Mayor of Waco, Texas
- In office May 17, 2005 – May 18, 2010
- Preceded by: Robin G. McDurham
- Succeeded by: Jim Bush

Personal details
- Spouse(s): Leslie Carr DuPuy, Jr.
- Profession: President and CEO of DuPuy Oxygen

= Virginia DuPuy =

American mayor

Virginia DuPuy is an American politician and public servant who served as the mayor of Waco, Texas from 2005 to 2010.

==Biography==
DuPuy received her Bachelor of Arts in drama in 1956 from Baylor University and her Master of Arts degree in 1961 also from Baylor University. After graduation, she worked as elementary school art teacher and organized various theatre productions in the area until 1984 where she took over her husband's oxygen and supply company, DuPuy Oxygen.

DuPuy served as chairwoman of the Waco Chamber of Commerce and headed the Water Quality Taskforce before where she presided over the development of a plan to reuse waste water from the cities of Waco, Bellmead, Hewitt, Lacy-Lakeview, Woodway, and Robinson as well as the environmental protection of the North Bosque River watershed and the raising of Lake Waco to ensure adequate water supply for the next 60 years.

She first ran for the city council in 2004 after Randy Riggs vacated his seat to run for mayor.

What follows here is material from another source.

(* Let $\Omega=(0,1)^2$, let $N$ be an even positive integer, $h=1/N$, and let $\mathcal T_h=\{Q_{jk}\}_{j,k=1}^N$ be the uniform partition of $\Omega$ into squares $Q_{jk}=((j-1)h,jh)\times((k-1)h,kh)$. Let real coefficients $\xi_{jk},\eta_{jk}$ ($1\le j,k\le N-1$) be given and set $$\mathbf u_h=\sum_{j,k=1}^{N-1}\binom{\xi_{jk}}{\eta_{jk}}\phi_{jk}+\binom{1/2}{0}\Big[\sum_{j=1}^{N-1}\phi_{j,N}+\psi_{2,TL}+\psi_{2,TR}\Big],$$ with $\phi_{jk}$, $\psi_{2,TL}$, $\psi_{2,TR}$ as described in the context. Suppose that $$\sum_{Q\in\mathcal T_h}\int_Q(\nabla\cdot\mathbf u_h)\,q_h\,d\mathbf x=0\qquad\text{for all } q_h\in\widetilde{\mathscr P}_0^h .$$ Then $$\Big|\int_{Q_{jk}}\nabla\cdot\mathbf u_h\,d\mathbf x\Big|=h^3\qquad\text{for all } Q_{jk}\in\mathcal T_h,$$ and these integrals alternate in sign in a checkerboard pattern: there is a number $\gamma$ with $|\gamma|=h^3$ such that $\int_{Q_{jk}}\nabla\cdot\mathbf u_h\,d\mathbf x=\gamma$ whenever $j+k$ is even and $=-\gamma$ whenever $j+k$ is odd.
   Context: Divergence and gradients are taken elementwise on each square $Q\in\mathcal T_h$. Nonconforming $P_1$ basis functions: for a vertex $V_{jk}=(jh,kh)$ with $1\le j\le N-1$, $1\le k\le N$, $\phi_{jk}$ is the function which on each square $Q\in\mathcal T_h$ is a polynomial of degree at most one, is supported on the (at most four) squares having $V_{jk}$ as a vertex, and on each such square takes the value $1$ at the midpoints of the two edges of that square having $V_{jk}$ as an endpoint and the value $0$ at the midpoints of the other two edges. (So for $k\le N-1$ these are the usual basis functions of the $P_1$-nonconforming quadrilateral space vanishing at boundary edge midpoints; $\phi_{j,N}$, attached to a vertex on the top side $y=1$, is supported on $Q_{j,N}\cup Q_{j+1,N}$ and equals $1$ at the top-edge midpoints $((j-\tfrac12)h,1)$, $((j+\tfrac12)h,1)$.) DSSY corner functions: on the reference square $\widehat Q=[-1,1]^2$ let $\theta(t)=t^2-\tfrac53 t^4$ and $\widehat\psi_2(\widehat x,\widehat y)=\tfrac14+\tfrac12\widehat y+\tfrac38\big(\theta(\widehat x)-\theta(\widehat y)\big)$, which equals $1$ at the edge midpoint $(0,1)$ and $0$ at the edge midpoints $(1,0),(-1,0),(0,-1)$. For a square $Q$ with center $c_Q$ let $F_Q(\widehat x,\widehat y)=c_Q+\tfrac h2(\widehat x,\widehat y)$. Then $\psi_{2,TL}=\widehat\psi_2\circ F_{Q_{1N}}^{-1}$ on $Q_{1N}$ and $0$ elsewhere, and $\psi_{2,TR}=\widehat\psi_2\circ F_{Q_{NN}}^{-1}$ on $Q_{NN}$ and $0$ elsewhere (the top-left and top-right corner squares). Pressure space: call $Q_{jk}$ red if $j+k$ is even and black if $j+k$ is odd, and let $\Omega^R,\Omega^B$ be the unions of red, respectively black, squares. $\widetilde{\mathscr P}_0^h$ is the space of functions that are constant on each $Q_{jk}$ and satisfy $\int_{\Omega^R}q_h\,d\mathbf x=0$ and $\int_{\Omega^B}q_h\,d\mathbf x=0$ (equivalently, the direct sum of the mean-zero piecewise constants supported on red squares and those supported on black squares; its dimension is $N^2-2$). *)

theory Defs
  imports "HOL-Analysis.Analysis"
begin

Dupuy was reelected mayor in a landslide election in May 2008 in which she received over six times as many votes as the challenger. After re-election, DuPuy expressed her plans for the upcoming years as mayor to the Waco Tribune-Herald:

“I’m looking forward to another two years and being a part of what’s going on in Waco. I plan on seeing continued development in downtown Waco and along the Brazos River Corridor. I’m looking forward to the overall development plans from the dam back up to the mammoth site. We hope to get started on that this year.”

She said she sees opportunities for the city to work with local colleges and hospitals to help develop a biotechnology industry in Waco.

==Personal life==
In 1959, she married Leslie Carr DuPuy, Jr.; they have two sons. She attends Central Presbyterian Church.